____ DATASET EXTRACT

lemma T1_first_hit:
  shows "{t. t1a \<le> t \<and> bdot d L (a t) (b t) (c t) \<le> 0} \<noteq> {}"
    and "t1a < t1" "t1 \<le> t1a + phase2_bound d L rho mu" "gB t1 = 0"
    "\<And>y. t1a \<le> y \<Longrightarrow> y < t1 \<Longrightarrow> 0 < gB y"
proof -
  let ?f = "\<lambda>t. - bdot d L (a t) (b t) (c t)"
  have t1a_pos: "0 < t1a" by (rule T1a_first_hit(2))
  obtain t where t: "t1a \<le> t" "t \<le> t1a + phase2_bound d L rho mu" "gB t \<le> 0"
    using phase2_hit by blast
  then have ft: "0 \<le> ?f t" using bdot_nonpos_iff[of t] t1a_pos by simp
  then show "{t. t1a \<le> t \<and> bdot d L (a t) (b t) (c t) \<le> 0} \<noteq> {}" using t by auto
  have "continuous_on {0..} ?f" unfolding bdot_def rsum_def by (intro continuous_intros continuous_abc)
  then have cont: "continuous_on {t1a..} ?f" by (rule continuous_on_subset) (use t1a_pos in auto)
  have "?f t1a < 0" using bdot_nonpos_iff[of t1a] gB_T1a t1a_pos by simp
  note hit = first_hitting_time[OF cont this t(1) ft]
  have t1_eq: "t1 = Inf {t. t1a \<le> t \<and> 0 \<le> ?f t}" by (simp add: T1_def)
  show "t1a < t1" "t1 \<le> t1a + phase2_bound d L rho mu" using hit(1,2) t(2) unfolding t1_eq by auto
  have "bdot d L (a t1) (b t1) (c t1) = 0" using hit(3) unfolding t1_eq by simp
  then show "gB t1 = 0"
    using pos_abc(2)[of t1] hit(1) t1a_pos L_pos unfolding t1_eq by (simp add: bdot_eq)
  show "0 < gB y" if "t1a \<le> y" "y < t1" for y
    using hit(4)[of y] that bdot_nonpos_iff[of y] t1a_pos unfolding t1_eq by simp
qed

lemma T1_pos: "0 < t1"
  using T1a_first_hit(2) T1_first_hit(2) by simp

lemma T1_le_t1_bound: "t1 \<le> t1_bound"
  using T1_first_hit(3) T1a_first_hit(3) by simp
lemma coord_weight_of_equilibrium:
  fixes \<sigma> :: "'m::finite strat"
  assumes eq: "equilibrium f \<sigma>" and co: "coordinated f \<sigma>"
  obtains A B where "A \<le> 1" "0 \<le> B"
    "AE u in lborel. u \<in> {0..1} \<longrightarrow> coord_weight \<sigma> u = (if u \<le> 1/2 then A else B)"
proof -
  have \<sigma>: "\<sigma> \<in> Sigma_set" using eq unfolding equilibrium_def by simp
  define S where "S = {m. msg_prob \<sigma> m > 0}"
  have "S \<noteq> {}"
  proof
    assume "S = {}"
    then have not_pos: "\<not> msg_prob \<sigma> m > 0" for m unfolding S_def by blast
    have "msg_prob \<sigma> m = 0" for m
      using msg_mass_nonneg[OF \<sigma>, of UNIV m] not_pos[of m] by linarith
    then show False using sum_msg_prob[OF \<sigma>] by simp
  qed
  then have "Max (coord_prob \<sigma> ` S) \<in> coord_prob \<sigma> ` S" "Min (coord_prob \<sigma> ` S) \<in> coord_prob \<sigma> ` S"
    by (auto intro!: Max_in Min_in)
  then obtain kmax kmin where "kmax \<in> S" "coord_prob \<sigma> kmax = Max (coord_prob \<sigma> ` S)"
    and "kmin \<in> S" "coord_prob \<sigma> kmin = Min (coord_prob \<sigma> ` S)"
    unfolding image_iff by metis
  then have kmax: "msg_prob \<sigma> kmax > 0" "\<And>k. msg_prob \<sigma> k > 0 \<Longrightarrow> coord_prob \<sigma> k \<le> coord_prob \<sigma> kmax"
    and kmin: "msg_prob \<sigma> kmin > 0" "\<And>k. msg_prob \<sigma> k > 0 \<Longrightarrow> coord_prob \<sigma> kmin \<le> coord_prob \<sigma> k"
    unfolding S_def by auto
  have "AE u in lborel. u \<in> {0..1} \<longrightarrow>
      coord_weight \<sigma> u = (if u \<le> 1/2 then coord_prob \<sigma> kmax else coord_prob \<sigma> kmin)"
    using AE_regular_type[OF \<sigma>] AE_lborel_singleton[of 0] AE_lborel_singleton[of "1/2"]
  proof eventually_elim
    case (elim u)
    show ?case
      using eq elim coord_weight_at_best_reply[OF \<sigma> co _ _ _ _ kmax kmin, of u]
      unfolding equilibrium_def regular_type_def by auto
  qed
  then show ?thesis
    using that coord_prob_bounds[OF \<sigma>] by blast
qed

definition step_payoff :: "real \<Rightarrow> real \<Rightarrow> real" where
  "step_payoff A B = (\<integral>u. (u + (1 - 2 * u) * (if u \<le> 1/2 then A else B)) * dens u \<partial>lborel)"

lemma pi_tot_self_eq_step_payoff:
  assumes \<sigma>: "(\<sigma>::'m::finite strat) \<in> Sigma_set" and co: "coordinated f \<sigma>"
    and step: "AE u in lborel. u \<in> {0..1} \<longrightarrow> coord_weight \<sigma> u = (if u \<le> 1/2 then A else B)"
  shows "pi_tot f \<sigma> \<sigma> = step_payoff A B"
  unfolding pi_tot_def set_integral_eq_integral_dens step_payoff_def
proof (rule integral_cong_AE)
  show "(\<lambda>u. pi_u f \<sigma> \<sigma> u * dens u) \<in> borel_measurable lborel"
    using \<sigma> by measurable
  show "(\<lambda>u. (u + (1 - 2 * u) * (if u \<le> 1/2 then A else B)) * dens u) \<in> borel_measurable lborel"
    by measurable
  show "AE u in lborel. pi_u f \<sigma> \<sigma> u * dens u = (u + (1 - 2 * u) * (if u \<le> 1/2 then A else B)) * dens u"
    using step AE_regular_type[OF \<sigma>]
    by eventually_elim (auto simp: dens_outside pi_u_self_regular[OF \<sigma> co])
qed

________

- [WHAT THE EXERCISE ASKS] Every line that holds the string "lambda" must be copied from the records above.

- [RESULT FOR THIS TASK]
  let ?f = "\<lambda>t. - bdot d L (a t) (b t) (c t)"
  show "(\<lambda>u. pi_u f \<sigma> \<sigma> u * dens u) \<in> borel_measurable lborel"
  show "(\<lambda>u. (u + (1 - 2 * u) * (if u \<le> 1/2 then A else B)) * dens u) \<in> borel_measurable lborel"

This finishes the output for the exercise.